| name | statsmodels |
| description | Statistical models library for Python. Use when you need specific model classes (OLS, GLM, mixed models, ARIMA) with detailed diagnostics, residuals, and inference. Best for econometrics, time series, rigorous inference with coefficient tables. For guided statistical test selection with APA reporting use statistical-analysis. |
| license | BSD-3-Clause license |
| metadata | {"skill-author":"K-Dense Inc."} |
Statsmodels: Statistical Modeling and Econometrics
Overview
Statsmodels is Python's premier library for statistical modeling, providing tools for estimation, inference, and diagnostics across a wide range of statistical methods. Apply this skill for rigorous statistical analysis, from simple linear regression to complex time series models and econometric analyses.
When to Use This Skill
This skill should be used when:
- Fitting regression models (OLS, WLS, GLS, quantile regression)
- Performing generalized linear modeling (logistic, Poisson, Gamma, etc.)
- Analyzing discrete outcomes (binary, multinomial, count, ordinal)
- Conducting time series analysis (ARIMA, SARIMAX, VAR, forecasting)

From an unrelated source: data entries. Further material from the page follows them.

section \<open>Partial sums of exponential variables\<close>

lemma (in prob_space) nn_integral_indep_var_distributed:
  assumes indep: "indep_var N1 X1 N2 X2" and distr: "distributed M lborel (\<lambda>\<omega>. p (X2 \<omega>)) f"
    and p [measurable]: "p \<in> N2 \<rightarrow>\<^sub>M borel"
    and F [measurable]: "case_prod F \<in> borel_measurable (N1 \<Otimes>\<^sub>M borel)"
  shows "(\<integral>\<^sup>+\<omega>. F (X1 \<omega>) (p (X2 \<omega>)) \<partial>M) = (\<integral>\<^sup>+\<omega>. \<integral>\<^sup>+e. f e * F (X1 \<omega>) e \<partial>lborel \<partial>M)"
proof -
  have [measurable]: "X1 \<in> M \<rightarrow>\<^sub>M N1" "X2 \<in> M \<rightarrow>\<^sub>M N2"
    using indep by (auto simp: indep_var_distribution_eq)
  have joint: "distr M N1 X1 \<Otimes>\<^sub>M distr M N2 X2 = distr M (N1 \<Otimes>\<^sub>M N2) (\<lambda>x. (X1 x, X2 x))"
    using indep by (simp add: indep_var_distribution_eq)
  have [measurable]: "f \<in> borel_measurable borel"
    using distr by (simp add: distributed_def)
  interpret P2: prob_space "distr M N2 X2" by (intro prob_space_distr) auto
  have "(\<integral>\<^sup>+\<omega>. F (X1 \<omega>) (p (X2 \<omega>)) \<partial>M)
      = (\<integral>\<^sup>+q. F (fst q) (p (snd q)) \<partial>distr M (N1 \<Otimes>\<^sub>M N2) (\<lambda>x. (X1 x, X2 x)))"
    by (subst nn_integral_distr) auto
  also have "\<dots> = (\<integral>\<^sup>+q. F (fst q) (p (snd q)) \<partial>(distr M N1 X1 \<Otimes>\<^sub>M distr M N2 X2))"
    by (simp add: joint)
  also have "\<dots> = (\<integral>\<^sup>+y. \<integral>\<^sup>+z. F y (p z) \<partial>distr M N2 X2 \<partial>distr M N1 X1)"
  proof -
    have "(\<lambda>q. F (fst q) (p (snd q))) \<in> borel_measurable (N1 \<Otimes>\<^sub>M N2)" by measurable
    then have "(\<lambda>q. F (fst q) (p (snd q))) \<in> borel_measurable (distr M N1 X1 \<Otimes>\<^sub>M distr M N2 X2)"
      by (subst measurable_cong_sets[OF sets_pair_measure_cong[OF sets_distr sets_distr] refl])
    then show ?thesis by (subst P2.nn_integral_fst[symmetric]) simp_all
  qed
  also have "\<dots> = (\<integral>\<^sup>+y. \<integral>\<^sup>+\<omega>. F y (p (X2 \<omega>)) \<partial>M \<partial>distr M N1 X1)"
    by (intro nn_integral_cong) (subst nn_integral_distr, auto)
  also have "\<dots> = (\<integral>\<^sup>+y. \<integral>\<^sup>+e. f e * F y e \<partial>lborel \<partial>distr M N1 X1)"
    by (intro nn_integral_cong) (subst distributed_nn_integral[OF distr], auto)
  also have "\<dots> = (\<integral>\<^sup>+\<omega>. \<integral>\<^sup>+e. f e * F (X1 \<omega>) e \<partial>lborel \<partial>M)"
    by (subst nn_integral_distr) auto
  finally show ?thesis .
qed

lemma nn_integral_uniform_product_exponential_rescale:
  assumes [measurable]: "h \<in> borel_measurable (borel \<Otimes>\<^sub>M borel)"
  shows "(\<integral>\<^sup>+v. \<integral>\<^sup>+e. ennreal (exponential_density l e) * h (g + e, g ^ Suc m * v * (g + e)) \<partial>lborel \<partial>uniform_product m)
       = (\<integral>\<^sup>+e. ennreal (exponential_density l e) *
            (\<integral>\<^sup>+v. h (g + e, (g + e) ^ Suc (Suc m) * (v * (g / (g + e)) ^ Suc m)) \<partial>uniform_product m) \<partial>lborel)"
proof -
  interpret U: prob_space "uniform_product m" by (rule prob_space_uniform_product)
  interpret P: pair_sigma_finite "uniform_product m" lborel ..
  have rescale: "(g + e) ^ Suc (Suc m) * (v * (g / (g + e)) ^ Suc m) = g ^ Suc m * v * (g + e)"
    if "e \<noteq> - g" for e v :: real
  proof -
    have "(g + e) ^ Suc (Suc m) * (v * (g / (g + e)) ^ Suc m)
        = (g + e) * v * ((g + e) * (g / (g + e))) ^ Suc m"
      by (simp only: power_Suc[of "g + e" "Suc m"] power_mult_distrib mult_ac)
    moreover have "g + e \<noteq> 0" using that by auto
    ultimately show ?thesis by (simp add: mult_ac)
  qed
  have "(\<integral>\<^sup>+v. \<integral>\<^sup>+e. ennreal (exponential_density l e) * h (g + e, g ^ Suc m * v * (g + e)) \<partial>lborel \<partial>uniform_product m)
      = (\<integral>\<^sup>+e. \<integral>\<^sup>+v. ennreal (exponential_density l e) * h (g + e, g ^ Suc m * v * (g + e)) \<partial>uniform_product m \<partial>lborel)"
    by (rule P.Fubini'[symmetric]) measurable
  also have "\<dots> = (\<integral>\<^sup>+e. ennreal (exponential_density l e) *
      (\<integral>\<^sup>+v. h (g + e, g ^ Suc m * v * (g + e)) \<partial>uniform_product m) \<partial>lborel)"
    by (intro nn_integral_cong nn_integral_cmult) measurable
  also have "\<dots> = (\<integral>\<^sup>+e. ennreal (exponential_density l e) *
      (\<integral>\<^sup>+v. h (g + e, (g + e) ^ Suc (Suc m) * (v * (g / (g + e)) ^ Suc m)) \<partial>uniform_product m) \<partial>lborel)"
    by (rule nn_integral_cong_AE, rule AE_mp[OF AE_lborel_singleton[of "- g"]], rule AE_I2)
       (simp add: rescale del: power_Suc)
  finally show ?thesis .
qed

locale exponential_sequence = prob_space M for M :: "'a measure" +
  fixes E :: "nat \<Rightarrow> 'a \<Rightarrow> real" and l :: real
  assumes rate_pos: "0 < l"
    and indep: "indep_vars (\<lambda>_. borel) E UNIV"
    and distributed_E: "\<And>k. distributed M lborel (E k) (exponential_density l)"
begin

definition S :: "nat \<Rightarrow> 'a \<Rightarrow> real" where
  "S m \<omega> = (\<Sum>k\<le>m. E k \<omega>)"

definition Sprod :: "nat \<Rightarrow> 'a \<Rightarrow> real" where
  "Sprod m \<omega> = (\<Prod>i\<le>m. S i \<omega>)"

abbreviation X :: "'a \<Rightarrow> real" where
  "X \<equiv> prod_min_partial_sums E"

lemma measurable_E [measurable]: "E k \<in> borel_measurable M"
  using distributed_E[of k] by (simp add: distributed_def)

lemma measurable_S [measurable]: "S m \<in> borel_measurable M"
  unfolding S_def by measurable

lemma measurable_Sprod [measurable]: "Sprod m \<in> borel_measurable M"
  unfolding Sprod_def by measurable

lemma nn_integral_S_Sprod_Suc:
  assumes [measurable]: "h \<in> borel_measurable (borel \<Otimes>\<^sub>M borel)"
  shows "(\<integral>\<^sup>+\<omega>. h (S (Suc m) \<omega>, Sprod (Suc m) \<omega>) \<partial>M)
    = (\<integral>\<^sup>+\<omega>. \<integral>\<^sup>+e. ennreal (exponential_density l e) * h (S m \<omega> + e, Sprod m \<omega> * (S m \<omega> + e)) \<partial>lborel \<partial>M)"
proof -
  define F where "F x e = h ((\<Sum>k\<le>m. x k) + e, (\<Prod>i\<le>m. \<Sum>k\<le>i. x k) * ((\<Sum>k\<le>m. x k) + e))"
    for x :: "nat \<Rightarrow> real" and e
  have "indep_var (PiM {..m} (\<lambda>_. borel)) (\<lambda>\<omega>. restrict (\<lambda>i. E i \<omega>) {..m})
                  (PiM {Suc m} (\<lambda>_. borel)) (\<lambda>\<omega>. restrict (\<lambda>i. E i \<omega>) {Suc m})"
    by (rule indep_var_restrict[OF indep]) auto
  then have "(\<integral>\<^sup>+\<omega>. F (restrict (\<lambda>i. E i \<omega>) {..m}) ((\<lambda>x. x (Suc m)) (restrict (\<lambda>i. E i \<omega>) {Suc m})) \<partial>M)
      = (\<integral>\<^sup>+\<omega>. \<integral>\<^sup>+e. ennreal (exponential_density l e) * F (restrict (\<lambda>i. E i \<omega>) {..m}) e \<partial>lborel \<partial>M)"
    by (rule nn_integral_indep_var_distributed) (use distributed_E[of "Suc m"] in \<open>simp_all add: F_def\<close>)
  moreover have "(\<Sum>k\<le>i. restrict (\<lambda>i. E i \<omega>) {..m} k) = S i \<omega>" if "i \<le> m" for i \<omega>
    unfolding S_def using that by (intro sum.cong) auto
  ultimately show ?thesis
    by (simp add: F_def S_def Sprod_def)
qed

- Running statistical tests and diagnostics
- Testing model assumptions (heteroskedasticity, autocorrelation, normality)
- Detecting outliers and influential observations
- Comparing models (AIC/BIC, likelihood ratio tests)
- Estimating causal effects
- Producing publication-ready statistical tables and inference
Quick Start Guide
Linear Regression (OLS)
import statsmodels.api as sm
import numpy as np
import pandas as pd
X = sm.add_constant(X_data)
model = sm.OLS(y, X)
results = model.fit()
print(results.summary())
print(f"R-squared: {results.rsquared:.4f}")
print(f"Coefficients:\\n{results.params}")
print(f"P-values:\\n{results.pvalues}")
predictions = results.get_prediction(X_new)
pred_summary = predictions.summary_frame()
print(pred_summary)
from statsmodels.stats.diagnostic import het_breuschpagan
bp_test = het_breuschpagan(results.resid, X)
print(f"Breusch-Pagan p-value: {bp_test[1]:.4f}")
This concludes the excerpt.